>>>>>

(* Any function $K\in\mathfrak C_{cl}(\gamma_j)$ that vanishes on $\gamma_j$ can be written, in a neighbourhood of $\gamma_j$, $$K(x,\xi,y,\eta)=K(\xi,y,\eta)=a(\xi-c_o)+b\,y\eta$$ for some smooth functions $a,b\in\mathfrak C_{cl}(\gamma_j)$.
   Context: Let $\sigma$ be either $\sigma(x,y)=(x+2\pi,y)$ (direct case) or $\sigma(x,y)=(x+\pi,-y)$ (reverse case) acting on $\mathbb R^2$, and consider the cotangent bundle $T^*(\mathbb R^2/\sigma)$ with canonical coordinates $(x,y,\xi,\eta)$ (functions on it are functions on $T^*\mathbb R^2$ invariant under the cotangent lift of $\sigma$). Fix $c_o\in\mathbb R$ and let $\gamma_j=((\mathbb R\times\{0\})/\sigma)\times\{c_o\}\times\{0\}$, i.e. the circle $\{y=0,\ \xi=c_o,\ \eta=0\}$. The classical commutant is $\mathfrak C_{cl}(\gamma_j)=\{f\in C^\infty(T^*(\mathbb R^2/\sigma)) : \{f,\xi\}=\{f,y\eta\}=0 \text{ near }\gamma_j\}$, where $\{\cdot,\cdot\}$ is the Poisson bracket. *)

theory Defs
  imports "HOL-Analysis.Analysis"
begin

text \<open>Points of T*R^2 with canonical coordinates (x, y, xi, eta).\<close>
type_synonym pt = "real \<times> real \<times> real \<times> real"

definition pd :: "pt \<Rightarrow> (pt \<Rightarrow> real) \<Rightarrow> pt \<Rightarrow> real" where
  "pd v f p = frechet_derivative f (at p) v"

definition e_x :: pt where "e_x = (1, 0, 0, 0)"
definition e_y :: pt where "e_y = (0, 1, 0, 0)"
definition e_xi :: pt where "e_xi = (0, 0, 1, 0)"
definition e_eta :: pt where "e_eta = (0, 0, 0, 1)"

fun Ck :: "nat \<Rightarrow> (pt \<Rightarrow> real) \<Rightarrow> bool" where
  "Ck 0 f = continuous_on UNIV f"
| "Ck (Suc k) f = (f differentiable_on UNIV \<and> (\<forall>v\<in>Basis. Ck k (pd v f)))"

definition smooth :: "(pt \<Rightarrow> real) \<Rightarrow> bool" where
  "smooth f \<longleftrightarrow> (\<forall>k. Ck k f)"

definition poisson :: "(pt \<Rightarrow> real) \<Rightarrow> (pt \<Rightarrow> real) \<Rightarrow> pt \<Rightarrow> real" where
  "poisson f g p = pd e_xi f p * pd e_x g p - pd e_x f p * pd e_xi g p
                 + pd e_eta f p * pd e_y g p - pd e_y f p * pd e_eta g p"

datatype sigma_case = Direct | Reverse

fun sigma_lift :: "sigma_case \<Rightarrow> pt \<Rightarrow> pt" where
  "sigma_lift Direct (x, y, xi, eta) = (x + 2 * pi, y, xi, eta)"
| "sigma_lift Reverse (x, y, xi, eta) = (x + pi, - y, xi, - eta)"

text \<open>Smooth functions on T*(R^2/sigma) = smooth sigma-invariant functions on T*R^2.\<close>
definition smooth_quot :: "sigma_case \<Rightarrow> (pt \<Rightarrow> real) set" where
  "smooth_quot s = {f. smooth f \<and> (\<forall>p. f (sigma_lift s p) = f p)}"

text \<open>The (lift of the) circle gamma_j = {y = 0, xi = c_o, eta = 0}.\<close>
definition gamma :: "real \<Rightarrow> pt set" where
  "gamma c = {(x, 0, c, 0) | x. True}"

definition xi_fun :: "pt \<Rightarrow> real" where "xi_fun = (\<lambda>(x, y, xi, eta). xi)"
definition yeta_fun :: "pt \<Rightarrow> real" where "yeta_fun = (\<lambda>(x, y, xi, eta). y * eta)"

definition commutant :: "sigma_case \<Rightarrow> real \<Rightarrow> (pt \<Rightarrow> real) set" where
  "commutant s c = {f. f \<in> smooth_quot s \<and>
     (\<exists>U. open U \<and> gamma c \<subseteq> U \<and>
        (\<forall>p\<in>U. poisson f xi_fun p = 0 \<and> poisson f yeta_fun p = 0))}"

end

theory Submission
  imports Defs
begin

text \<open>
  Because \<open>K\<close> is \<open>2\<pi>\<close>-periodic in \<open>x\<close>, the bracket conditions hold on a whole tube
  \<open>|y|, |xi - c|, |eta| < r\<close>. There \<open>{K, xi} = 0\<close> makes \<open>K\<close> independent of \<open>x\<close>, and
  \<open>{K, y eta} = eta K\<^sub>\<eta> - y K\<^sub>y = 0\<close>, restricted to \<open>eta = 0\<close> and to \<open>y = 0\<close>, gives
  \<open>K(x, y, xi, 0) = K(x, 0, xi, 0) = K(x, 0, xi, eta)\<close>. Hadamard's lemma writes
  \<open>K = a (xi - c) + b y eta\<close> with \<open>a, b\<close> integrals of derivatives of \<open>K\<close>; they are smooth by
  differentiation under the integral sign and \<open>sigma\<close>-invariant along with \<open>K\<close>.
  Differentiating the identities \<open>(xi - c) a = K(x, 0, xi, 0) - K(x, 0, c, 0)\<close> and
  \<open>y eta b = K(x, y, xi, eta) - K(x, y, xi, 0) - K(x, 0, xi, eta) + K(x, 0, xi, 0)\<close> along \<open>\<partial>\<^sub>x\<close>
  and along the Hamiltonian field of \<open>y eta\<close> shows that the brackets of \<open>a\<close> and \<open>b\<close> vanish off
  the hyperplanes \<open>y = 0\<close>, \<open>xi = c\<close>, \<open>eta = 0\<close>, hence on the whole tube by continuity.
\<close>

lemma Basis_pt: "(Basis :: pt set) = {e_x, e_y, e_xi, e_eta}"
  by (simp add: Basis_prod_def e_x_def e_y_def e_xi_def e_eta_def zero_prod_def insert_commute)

<<<<<

#### Task brief:
Write out the data exactly as it stands.

#### Exercise output:
(* Any function $K\in\mathfrak C_{cl}(\gamma_j)$ that vanishes on $\gamma_j$ can be written, in a neighbourhood of $\gamma_j$, $$K(x,\xi,y,\eta)=K(\xi,y,\eta)=a(\xi-c_o)+b\,y\eta$$ for some smooth functions $a,b\in\mathfrak C_{cl}(\gamma_j)$.
   Context: Let $\sigma$ be either $\sigma(x,y)=(x+2\pi,y)$ (direct case) or $\sigma(x,y)=(x+\pi,-y)$ (reverse case) acting on $\mathbb R^2$, and consider the cotangent bundle $T^*(\mathbb R^2/\sigma)$ with canonical coordinates $(x,y,\xi,\eta)$ (functions on it are functions on $T^*\mathbb R^2$ invariant under the cotangent lift of $\sigma$). Fix $c_o\in\mathbb R$ and let $\gamma_j=((\mathbb R\times\{0\})/\sigma)\times\{c_o\}\times\{0\}$, i.e. the circle $\{y=0,\ \xi=c_o,\ \eta=0\}$. The classical commutant is $\mathfrak C_{cl}(\gamma_j)=\{f\in C^\infty(T^*(\mathbb R^2/\sigma)) : \{f,\xi\}=\{f,y\eta\}=0 \text{ near }\gamma_j\}$, where $\{\cdot,\cdot\}$ is the Poisson bracket. *)

theory Defs
  imports "HOL-Analysis.Analysis"
begin

text \<open>Points of T*R^2 with canonical coordinates (x, y, xi, eta).\<close>
type_synonym pt = "real \<times> real \<times> real \<times> real"

definition pd :: "pt \<Rightarrow> (pt \<Rightarrow> real) \<Rightarrow> pt \<Rightarrow> real" where
  "pd v f p = frechet_derivative f (at p) v"

definition e_x :: pt where "e_x = (1, 0, 0, 0)"
definition e_y :: pt where "e_y = (0, 1, 0, 0)"
definition e_xi :: pt where "e_xi = (0, 0, 1, 0)"
definition e_eta :: pt where "e_eta = (0, 0, 0, 1)"

fun Ck :: "nat \<Rightarrow> (pt \<Rightarrow> real) \<Rightarrow> bool" where
  "Ck 0 f = continuous_on UNIV f"
| "Ck (Suc k) f = (f differentiable_on UNIV \<and> (\<forall>v\<in>Basis. Ck k (pd v f)))"

definition smooth :: "(pt \<Rightarrow> real) \<Rightarrow> bool" where
  "smooth f \<longleftrightarrow> (\<forall>k. Ck k f)"

definition poisson :: "(pt \<Rightarrow> real) \<Rightarrow> (pt \<Rightarrow> real) \<Rightarrow> pt \<Rightarrow> real" where
  "poisson f g p = pd e_xi f p * pd e_x g p - pd e_x f p * pd e_xi g p
                 + pd e_eta f p * pd e_y g p - pd e_y f p * pd e_eta g p"

datatype sigma_case = Direct | Reverse

fun sigma_lift :: "sigma_case \<Rightarrow> pt \<Rightarrow> pt" where
  "sigma_lift Direct (x, y, xi, eta) = (x + 2 * pi, y, xi, eta)"
| "sigma_lift Reverse (x, y, xi, eta) = (x + pi, - y, xi, - eta)"

text \<open>Smooth functions on T*(R^2/sigma) = smooth sigma-invariant functions on T*R^2.\<close>
definition smooth_quot :: "sigma_case \<Rightarrow> (pt \<Rightarrow> real) set" where
  "smooth_quot s = {f. smooth f \<and> (\<forall>p. f (sigma_lift s p) = f p)}"

text \<open>The (lift of the) circle gamma_j = {y = 0, xi = c_o, eta = 0}.\<close>
definition gamma :: "real \<Rightarrow> pt set" where
  "gamma c = {(x, 0, c, 0) | x. True}"

definition xi_fun :: "pt \<Rightarrow> real" where "xi_fun = (\<lambda>(x, y, xi, eta). xi)"
definition yeta_fun :: "pt \<Rightarrow> real" where "yeta_fun = (\<lambda>(x, y, xi, eta). y * eta)"

definition commutant :: "sigma_case \<Rightarrow> real \<Rightarrow> (pt \<Rightarrow> real) set" where
  "commutant s c = {f. f \<in> smooth_quot s \<and>
     (\<exists>U. open U \<and> gamma c \<subseteq> U \<and>
        (\<forall>p\<in>U. poisson f xi_fun p = 0 \<and> poisson f yeta_fun p = 0))}"

end

theory Submission
  imports Defs
begin

text \<open>
  Because \<open>K\<close> is \<open>2\<pi>\<close>-periodic in \<open>x\<close>, the bracket conditions hold on a whole tube
  \<open>|y|, |xi - c|, |eta| < r\<close>. There \<open>{K, xi} = 0\<close> makes \<open>K\<close> independent of \<open>x\<close>, and
  \<open>{K, y eta} = eta K\<^sub>\<eta> - y K\<^sub>y = 0\<close>, restricted to \<open>eta = 0\<close> and to \<open>y = 0\<close>, gives
  \<open>K(x, y, xi, 0) = K(x, 0, xi, 0) = K(x, 0, xi, eta)\<close>. Hadamard's lemma writes
  \<open>K = a (xi - c) + b y eta\<close> with \<open>a, b\<close> integrals of derivatives of \<open>K\<close>; they are smooth by
  differentiation under the integral sign and \<open>sigma\<close>-invariant along with \<open>K\<close>.
  Differentiating the identities \<open>(xi - c) a = K(x, 0, xi, 0) - K(x, 0, c, 0)\<close> and
  \<open>y eta b = K(x, y, xi, eta) - K(x, y, xi, 0) - K(x, 0, xi, eta) + K(x, 0, xi, 0)\<close> along \<open>\<partial>\<^sub>x\<close>
  and along the Hamiltonian field of \<open>y eta\<close> shows that the brackets of \<open>a\<close> and \<open>b\<close> vanish off
  the hyperplanes \<open>y = 0\<close>, \<open>xi = c\<close>, \<open>eta = 0\<close>, hence on the whole tube by continuity.
\<close>

lemma Basis_pt: "(Basis :: pt set) = {e_x, e_y, e_xi, e_eta}"
  by (simp add: Basis_prod_def e_x_def e_y_def e_xi_def e_eta_def zero_prod_def insert_commute)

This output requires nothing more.